Porto Alegre afundou com Melo. E agora? (Editorial Sul21)

Foto: Giulian Serafim/PMPA
Foto: Giulian Serafim/PMPA

Editorial Sul21

23 de maio de 2024. Mais uma vez Porto Alegre está debaixo d’água e sua população sofre os efeitos das escolhas políticas feitas nos últimos anos. Após seguir implantando, na capital gaúcha, a cruzada neoliberal que vem parasitando o Estado nos últimos anos, o prefeito Sebastião Melo (MDB) já esgotou seu estoque de desculpas e evasivas. Na entrevista coletiva que convocou às pressas, na tarde de quinta-feira (23), Melo disse que não foi pego de surpresa pela chuva de hoje, que choveu mais do que estava sendo previsto e procurou terceirizar responsabilidades, uma das últimas estratégias discursivas que lhe restam. 

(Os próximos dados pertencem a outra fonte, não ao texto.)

lemma same_counts_apply:
  assumes "same_counts w w'" and "cyc_len (f w) = cyc_len (f w')"
    and "\<And>w. n_occ (f w) g = n_occ w g"
  shows "same_counts (f w) (f w')"
  using assms n_occ_X_Y[of "f w"] n_occ_X_Y[of "f w'"]
  unfolding same_counts_def by (cases g) simp_all

lemma same_counts_if_cyc_len_sigma_tau:
  assumes "cyc_len u = cyc_len v" "cyc_len (sigma u) = cyc_len (sigma v)"
    "cyc_len (tau u) = cyc_len (tau v)"
  shows "same_counts u v"
  using assms cyc_len_sigma_tau[of u] cyc_len_sigma_tau[of v] n_occ_X_Y[of u] n_occ_X_Y[of v]
  unfolding same_counts_def by linarith

lemma same_counts_chain_of:
  assumes s: "\<And>w. n_occ (s w) X = n_occ w X" and t: "\<And>w. n_occ (t w) Y = n_occ w Y"
    and uv: "same_counts u v"
    and len: "\<And>ps. chain_length ps \<le> m \<Longrightarrow> cyc_len (chain_of s t ps u) = cyc_len (chain_of s t ps v)"
  shows "chain_length ps \<le> m \<Longrightarrow> same_counts (chain_of s t ps u) (chain_of s t ps v)"
proof (induction "chain_length ps" arbitrary: ps)
  case 0
  then show ?case using uv by (simp add: chain_of_length_0)
next
  case (Suc n)
  then obtain f ps' where f: "f \<in> {s, t}" and ps': "chain_length ps' = n"
    and chain: "chain_of s t ps = f \<circ> chain_of s t ps'"
    using chain_of_length_Suc by metis
  have "same_counts (chain_of s t ps' u) (chain_of s t ps' v)"
    using Suc ps' by simp
  moreover have "cyc_len (f (chain_of s t ps' u)) = cyc_len (f (chain_of s t ps' v))"
    using len[OF Suc.prems] chain by simp
  ultimately show ?case
    using f s t chain by (auto intro: same_counts_apply)
qed

theorem lemma2p4:
  fixes u v :: "letter list" and m :: nat
  assumes "0 < m"
    and "\<forall>\<psi>\<in>Lambda m. cyc_len (\<psi> u) = cyc_len (\<psi> v)"
  shows "\<forall>\<psi>\<in>Lambda m. n_occ (\<psi> u) X = n_occ (\<psi> v) X \<and> n_occ (\<psi> u) Y = n_occ (\<psi> v) Y"
proof -
  have Lambda: "Lambda m = {chain_of sigma tau ps |ps. chain_length ps \<le> m}
      \<union> {chain_of sigma_inv tau_inv ps |ps. chain_length ps \<le> m}"
    by (simp add: Lambda_def chain_pos_eq_chain_of chain_neg_eq_chain_of)
  have "chain_of sigma tau [] = id" "chain_of sigma tau [(1, 0)] = sigma"
    "chain_of sigma tau [(0, 1)] = tau"
    by (simp_all add: chain_of_def)
  moreover have "chain_length [] \<le> m" "chain_length [(1, 0)] \<le> m" "chain_length [(0, 1)] \<le> m"
    using \<open>0 < m\<close> by (simp_all add: chain_length_def)
  ultimately have "id \<in> Lambda m" "sigma \<in> Lambda m" "tau \<in> Lambda m"
    unfolding Lambda by (metis (mono_tags, lifting) UnI1 mem_Collect_eq)+
  then have "same_counts u v"
    using assms(2) by (intro same_counts_if_cyc_len_sigma_tau) auto
  then have "same_counts (\<psi> u) (\<psi> v)" if "\<psi> \<in> Lambda m" for \<psi>
    using that assms(2) unfolding Lambda
    by (auto intro!: same_counts_chain_of n_occ_sigma n_occ_tau n_occ_sigma_inv n_occ_tau_inv)
  then show ?thesis
    unfolding same_counts_def by blast
qed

Na verdade, tamanho foi o estrago que a atual gestão promoveu nas estruturas públicas capazes de enfrentar um problema da dimensão e complexidade deste que estamos enfrentando que talvez pouca coisa pudesse fazer mesmo para evitar os danos de hoje. Poderia, é claro, ao menos ter alertado a população, como um comandante digno do nome teria alertado seu povo para se preparar para um novo bombardeio. Nem alertou nem estava preparado para enfrentar a nova onda de chuvas. Melo pediu que se cobrasse responsabilidades também de outros prefeitos da região, do Estado, da União. 

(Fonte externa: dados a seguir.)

fun exec_instr :: "instr \<Rightarrow> config \<Rightarrow> config" where
  "exec_instr (LoadConst d c) (pc, m) = (Suc pc, m(d := real_of_int c))"
| "exec_instr (Add d a b) (pc, m) = (Suc pc, m(d := m a + m b))"
| "exec_instr (Sub d a b) (pc, m) = (Suc pc, m(d := m a - m b))"
| "exec_instr (Mul d a b) (pc, m) = (Suc pc, m(d := m a * m b))"
| "exec_instr (Div d a b) (pc, m) = (Suc pc, m(d := m a / m b))"
| "exec_instr (Load d a) (pc, m) =
     (if m a \<in> \<nat> then (Suc pc, m(d := m (nat \<lfloor>m a\<rfloor>))) else (pc, m))"
| "exec_instr (Store d a) (pc, m) =
     (if m d \<in> \<nat> then (Suc pc, m(nat \<lfloor>m d\<rfloor> := m a)) else (pc, m))"
| "exec_instr (JumpLeq a b l) (pc, m) = (if m a \<le> m b then (l, m) else (Suc pc, m))"
| "exec_instr (Jump l) (pc, m) = (l, m)"
| "exec_instr Halt (pc, m) = (pc, m)"

definition step :: "instr list \<Rightarrow> config \<Rightarrow> config" where
  "step p c = (if fst c < length p then exec_instr (p ! fst c) c else c)"

definition run :: "instr list \<Rightarrow> nat \<Rightarrow> config \<Rightarrow> config" where
  "run p t c = (step p ^^ t) c"

definition halted :: "instr list \<Rightarrow> config \<Rightarrow> bool" where
  "halted p c \<longleftrightarrow> fst c < length p \<and> p ! fst c = Halt"

text \<open>Input encoding: cell 0 holds n, cell 1 holds kappa, the entry a_{i,j} (i,j in [n])
  is in cell 2 + (i-1)*n + (j-1); all other cells are 0. Output: cell 0 (1 = yes, 0 = no).\<close>
definition init_mem :: "nat \<Rightarrow> real \<Rightarrow> (nat \<Rightarrow> nat \<Rightarrow> real) \<Rightarrow> nat \<Rightarrow> real" where
  "init_mem n \<kappa> M k =
     (if k = 0 then real n
      else if k = 1 then \<kappa>
      else if k < 2 + n * n then M ((k - 2) div n + 1) ((k - 2) mod n + 1)
      else 0)"

end

theory Submission
  imports Defs
begin

text \<open>A network directly hosts \<kappa> M iff it has at least \<open>\<lceil>\<kappa> (2n - 1) M u v\<rceil>\<close> arcs from u
  to v for all u, v. A nonnegative integer matrix whose row and column sums are at most r can be
  increased entrywise to one whose row and column sums are all r: while some row sum is below r, so
  is some column sum, and one arc from that row to that column can be added. Hence a suitable
  (2n - 1)-regular network exists iff the matrix of these ceilings has all its 2n line sums at
  most 2n - 1. The program decides this by computing each ceiling, capped at 2n - 1, with a
  counting loop of 2n - 1 steps; over the n^2 entries, counted once for rows and once for columns,
  this gives O(n^3) steps.\<close>

section \<open>Hosting \<kappa> M by a regular network\<close>

lemma exists_regular_majorant:
  fixes L :: "'a \<Rightarrow> 'a \<Rightarrow> nat"
  assumes "finite I"
    and "\<forall>u\<in>I. (\<Sum>v\<in>I. L u v) \<le> r" and "\<forall>v\<in>I. (\<Sum>u\<in>I. L u v) \<le> r"
  shows "\<exists>m. (\<forall>u\<in>I. \<forall>v\<in>I. L u v \<le> m u v) \<and>
             (\<forall>u\<in>I. (\<Sum>v\<in>I. m u v) = r) \<and> (\<forall>v\<in>I. (\<Sum>u\<in>I. m u v) = r)"
  using assms(2,3)
proof (induction "card I * r - (\<Sum>u\<in>I. \<Sum>v\<in>I. L u v)" arbitrary: L rule: less_induct)
  case (less L)
  let ?row = "\<lambda>u. \<Sum>v\<in>I. L u v" and ?col = "\<lambda>v. \<Sum>u\<in>I. L u v"
  have total_row: "(\<Sum>u\<in>I. ?row u) \<le> card I * r" and total_col: "(\<Sum>v\<in>I. ?col v) \<le> card I * r"
    using sum_mono[of I ?row "\<lambda>_. r"] sum_mono[of I ?col "\<lambda>_. r"] less.prems by auto
  have swap: "(\<Sum>v\<in>I. ?col v) = (\<Sum>u\<in>I. ?row u)" by (rule sum.swap)
  show ?case
  proof (cases "(\<Sum>u\<in>I. ?row u) = card I * r")
    case True
    have "\<forall>u\<in>I. ?row u = r"
      using sum_strict_mono_ex1[OF assms(1), of ?row "\<lambda>_. r"] less.prems(1) True by force
    moreover have "\<forall>v\<in>I. ?col v = r"
      using sum_strict_mono_ex1[OF assms(1), of ?col "\<lambda>_. r"] less.prems(2) True swap by force
    ultimately show ?thesis by blast
  next
    case False
    \<comment> \<open>rows and columns have the same total, so some row and some column are both underfull\<close>
    have "\<not> (\<forall>u\<in>I. r \<le> ?row u)" "\<not> (\<forall>v\<in>I. r \<le> ?col v)"
      using False total_row sum_bounded_below[of I r ?row] sum_bounded_below[of I r ?col] swap
      by (auto simp: mult.commute)
    then obtain u v where u: "u \<in> I" "?row u < r" and v: "v \<in> I" "?col v < r"
      by (auto simp: not_le)
    define L' where "L' a b = L a b + of_bool (a = u \<and> b = v)" for a b
    have row': "(\<Sum>b\<in>I. L' a b) = ?row a + of_bool (a = u)" for a
      using v(1) assms(1) by (simp add: L'_def sum.distrib)
    have col': "(\<Sum>a\<in>I. L' a b) = ?col b + of_bool (b = v)" for b
      using u(1) assms(1) by (simp add: L'_def sum.distrib)
    have "(\<Sum>a\<in>I. \<Sum>b\<in>I. L' a b) = (\<Sum>a\<in>I. ?row a) + 1"
      using u(1) assms(1) by (simp add: row' sum.distrib)
    then have "card I * r - (\<Sum>a\<in>I. \<Sum>b\<in>I. L' a b) < card I * r - (\<Sum>a\<in>I. ?row a)"
      using False total_row by linarith
    moreover have "\<forall>a\<in>I. (\<Sum>b\<in>I. L' a b) \<le> r" "\<forall>b\<in>I. (\<Sum>a\<in>I. L' a b) \<le> r"
      using row' col' u v less.prems by auto
    ultimately obtain m where m: "\<forall>a\<in>I. \<forall>b\<in>I. L' a b \<le> m a b"
      "\<forall>a\<in>I. (\<Sum>b\<in>I. m a b) = r" "\<forall>b\<in>I. (\<Sum>a\<in>I. m a b) = r"
      using less.hyps by blast
    have "\<forall>a\<in>I. \<forall>b\<in>I. L a b \<le> m a b"
      using m(1) by (fastforce simp: L'_def)
    with m show ?thesis by blast
  qed
qed

text \<open>For 0 \<le> x \<le> T, \<open>count_less x 0 T = \<lceil>x\<rceil>\<close>; the program computes it by testing j < x
  for j = 0, ..., T - 1.\<close>
definition count_less :: "real \<Rightarrow> nat \<Rightarrow> nat \<Rightarrow> nat" where
  "count_less x k T = card {j. k \<le> j \<and> j < T \<and> real j < x}"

Em nenhum momento, porém, assumiu a responsabilidade pelas escolhas (e omissões, que também são escolhas) que fez como prefeito. Em nenhum momento olhou nos olhos da população e fez um gesto que é singelo, mas que exige coragem e compromisso com a natureza pública que o cargo exige: pedir desculpas, admitir que fez escolhas erradas. O mesmo padrão de comportamento, aliás, é adotado pelo governador do Estado, Eduardo Leite (PSDB), que, entre outras façanhas, também vem promovendo um desmonte de estruturas públicas fundamentais para a qualidade de vida da população e a destruição da legislação ambiental no Estado. 

Sebastião Melo e Eduardo Leite, porém, não são representantes de si mesmos, mas sim de setores sociais que se autointitulam “elite” do Estado. Entidades empresariais urbanas e rurais, com seus braços em grandes meios de comunicação e espaços formadores de opinião são cúmplices desse projeto que apresenta sua fatura agora para toda a população de uma forma cruel e injusta. 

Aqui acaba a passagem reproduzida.